Reputation: 65
In my case, I have 2 datasets I'd like to merge. My first dataset consists of a column of locations, and a column of datetimes.
site | datetime
---------------------------------------
Cave Mountain | 2021-08-08 06:28:26
Laurel Run | 2021-06-24 05:26:07
Laurel Run | 2021-10-05 05:24:04
Laurel Run | 2021-10-07 12:26:23
Smoke Cliffs | 2021-08-30 20:44:39
Smoke Hole Road | 2021-09-10 19:58:26
University Forest | 2021-09-25 02:15:04
data <- structure(list(site = c("Cave Mountain", "Laurel Run", "Laurel Run",
"Laurel Run", "Smoke Cliffs", "Smoke Hole Road", "University Forest"

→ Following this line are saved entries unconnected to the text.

lemma walk_split_at_edge:
  assumes "walk G p v w" "2 \<le> length p" "length p \<le> 2 * r + 2"
    and sym: "\<And>x y. adj G x y \<Longrightarrow> adj G y x"
  shows "\<exists>x y. adj G x y \<and> v \<in> gball G r x \<and> w \<in> gball G r y"
proof -
  define a where "a = min r (length p - 2)"
  have a: "Suc a < length p"
    using assms(2) by (simp add: a_def)
  have "walk G (rev (take (Suc a) p)) (p ! a) v"
    using walk_rev[OF sym walk_take[OF assms(1)]] a by simp
  moreover have "length (rev (take (Suc a) p)) \<le> Suc r"
    using a by (simp add: a_def)
  ultimately have "v \<in> gball G r (p ! a)"
    by (auto simp: mem_gball_iff)
  moreover have "w \<in> gball G r (p ! Suc a)"
    unfolding mem_gball_iff
    using walk_drop[OF assms(1) a] assms(2,3) by (intro exI[of _ "drop (Suc a) p"]) (simp add: a_def)
  moreover have "adj G (p ! a) (p ! Suc a)"
    using assms(1) a by (simp add: walk_def)
  ultimately show ?thesis
    by blast
qed

definition branch_set :: "'a graph \<Rightarrow> nat \<Rightarrow> 'a \<Rightarrow> ('a \<times> nat) set" where
  "branch_set G r v = {(u, ball_label G r u v) | u. v \<in> gball G r u}"

definition branch_graph :: "'a graph \<Rightarrow> nat \<Rightarrow> 'a \<Rightarrow> ('a \<times> nat) graph" where
  "branch_graph G r v =
     induced_subgraph (lex_edgeless G (maxdeg (gpow G r) + 1)) (branch_set G r v)"

lemma mem_branch_set_iff:
  "x \<in> branch_set G r v \<longleftrightarrow> v \<in> gball G r (fst x) \<and> snd x = ball_label G r (fst x) v"
  by (cases x) (auto simp: branch_set_def)

lemma branch_set_subset:
  assumes "is_graph G"
  shows "branch_set G r v \<subseteq> verts (lex_edgeless G (maxdeg (gpow G r) + 1))"
  using ball_label_less[OF assms]
  by (auto simp: mem_branch_set_iff dest: mem_gball_imp_verts)

lemma branch_sets_disjoint:
  assumes "is_graph G" "v \<noteq> w"
  shows "branch_set G r v \<inter> branch_set G r w = {}"
  using bij_betw_imp_inj_on[OF bij_betw_ball_label[OF assms(1)]] assms(2)
  by (auto simp: mem_branch_set_iff inj_on_def)

lemma walk_branch_graph_from_centre:
  assumes "is_graph G" "x \<in> branch_set G r v"
  shows "\<exists>q. walk (branch_graph G r v) q (v, ball_label G r v v) x \<and> length q \<le> Suc r"
proof -
  obtain u where x: "x = (u, ball_label G r u v)" and "v \<in> gball G r u"
    using assms(2) by (auto simp: branch_set_def)
  then obtain p where p: "walk G p u v" "length p \<le> Suc r"
    by (auto simp: mem_gball_iff)
  have near: "v \<in> gball G r y" if "y \<in> set p" for y
  proof -
    obtain j where "j < length p" "y = p ! j"
      using \<open>y \<in> set p\<close> by (metis in_set_conv_nth)
    then show ?thesis
      using walk_drop[OF p(1)] p(2) unfolding mem_gball_iff
      by (intro exI[of _ "drop j p"]) auto
  qed
  have "walk (lex_edgeless G (maxdeg (gpow G r) + 1)) (map (\<lambda>y. (y, ball_label G r y v)) (rev p))
          (v, ball_label G r v v) x"
    using walk_lex_edgeless_lift[OF walk_rev[OF is_graph_sym[OF assms(1)] p(1)],
        of "\<lambda>y. ball_label G r y v" "maxdeg (gpow G r) + 1"]
      ball_label_less[OF assms(1) near] x
    by simp
  moreover have "set (map (\<lambda>y. (y, ball_label G r y v)) (rev p)) \<subseteq> branch_set G r v"
    using near by (auto simp: branch_set_def)
  ultimately show ?thesis
    unfolding branch_graph_def using p(2)
    by (intro exI[of _ "map (\<lambda>y. (y, ball_label G r y v)) (rev p)"])
      (simp add: walk_induced_subgraph)
qed

lemma branch_graph_connected_radius_le:
  assumes "is_graph G" "v \<in> verts G"
  shows "connected_graph (branch_graph G r v) \<and> radius_le (branch_graph G r v) r"
proof -
  have "v \<in> gball G r v"
    unfolding mem_gball_iff using assms(2) by (intro exI[of _ "[v]"]) (simp add: walk_singleton)
  then have centre: "(v, ball_label G r v v) \<in> verts (branch_graph G r v)"
    by (auto simp: branch_graph_def branch_set_def)
  have sym: "adj (branch_graph G r v) y x" if "adj (branch_graph G r v) x y" for x y
    using that is_graph_sym[OF assms(1)]
    by (auto simp: branch_graph_def adj_induced_subgraph adj_lex_edgeless)
  have from_centre: "\<exists>q. walk (branch_graph G r v) q (v, ball_label G r v v) x \<and> length q \<le> Suc r"
    if "x \<in> verts (branch_graph G r v)" for x
    using that walk_branch_graph_from_centre[OF assms(1)] by (simp add: branch_graph_def)
  show ?thesis
    using connected_graphI[OF centre _ sym] radius_leI[OF centre from_centre] from_centre
    by blast
qed

lemma branch_sets_adjacent:
  assumes "is_graph G" "adj (gpow G (2 * r + 1)) v w"
  shows "\<exists>x\<in>branch_set G r v. \<exists>y\<in>branch_set G r w. adj (lex_edgeless G (maxdeg (gpow G r) + 1)) x y"
proof -
  obtain p where "walk G p v w" "length p \<le> 2 * r + 2" "v \<noteq> w"
    using assms(2) by (auto simp: adj_gpow gdist_le_enat_iff)
  then obtain x y where "adj G x y" "v \<in> gball G r x" "w \<in> gball G r y"
    using walk_split_at_edge[OF _ walk_length_ge_2 _ is_graph_sym[OF assms(1)]] by metis
  then show ?thesis
    using ball_label_less[OF assms(1)]
    by (intro bexI[of _ "(x, ball_label G r x v)"] bexI[of _ "(y, ball_label G r y w)"])
      (auto simp: adj_lex_edgeless branch_set_def)
qed

theorem shallow_minor_gpow_lex_edgeless:
  assumes "is_graph G"
  shows "shallow_minor (gpow G (2 * r + 1)) r (lex_edgeless G (maxdeg (gpow G r) + 1))"
  unfolding shallow_minor_def
proof (intro exI[of _ "branch_graph G r"] conjI ballI impI allI)
  fix v
  assume "v \<in> verts (gpow G (2 * r + 1))"
  then show "connected_graph (branch_graph G r v)" and "radius_le (branch_graph G r v) r"
    using branch_graph_connected_radius_le[OF assms] by simp_all
  show "subgraph (branch_graph G r v) (lex_edgeless G (maxdeg (gpow G r) + 1))"
    unfolding branch_graph_def using branch_set_subset[OF assms] is_graph_sym[OF assms]
    by (intro subgraph_induced_subgraph) (auto simp: adj_lex_edgeless)
next
  fix v w
  show "v \<noteq> w \<Longrightarrow> verts (branch_graph G r v) \<inter> verts (branch_graph G r w) = {}"
    using branch_sets_disjoint[OF assms] by (simp add: branch_graph_def)
  show "adj (gpow G (2 * r + 1)) v w \<Longrightarrow>
      \<exists>x\<in>verts (branch_graph G r v). \<exists>y\<in>verts (branch_graph G r w).
        adj (lex_edgeless G (maxdeg (gpow G r) + 1)) x y"
    using branch_sets_adjacent[OF assms] by (simp add: branch_graph_def)
qed

theorem lemma26:
  fixes G :: "'a graph" and k :: nat
  assumes "is_graph G" and "k \<ge> 1"
  defines "d \<equiv> maxdeg (gpow G (k div 2))"
  shows "shallow_minor (gpow G k) (k div 2) (lex_edgeless G (d + 1))"
proof (rule shallow_minor_spanning_subgraph)
  show "shallow_minor (gpow G (2 * (k div 2) + 1)) (k div 2) (lex_edgeless G (d + 1))"
    unfolding d_def using shallow_minor_gpow_lex_edgeless[OF assms(1)] .
  show "adj (gpow G (2 * (k div 2) + 1)) v w" if "adj (gpow G k) v w" for v w
    using adj_gpow_mono[OF that] by simp
qed simp

end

), datetime = structure(c(1628418506.5, 1624526767, 1633425844.5,
1633623983.5, 1630370679, 1631318306, 1632550504), tzone = "America/New_York", class = c("POSIXct",
"POSIXt"))), class = c("grouped_df", "tbl_df", "tbl", "data.frame"
), row.names = c(NA, -7L), groups = structure(list(site = c("Cave Mountain",
"Laurel Run", "Smoke Cliffs", "Smoke Hole Road", "University Forest"
), .rows = structure(list(1L, 2:4, 5L, 6L, 7L), ptype = integer(0), class = c("vctrs_list_of",
"vctrs_vctr", "list"))), class = c("tbl_df", "tbl", "data.frame"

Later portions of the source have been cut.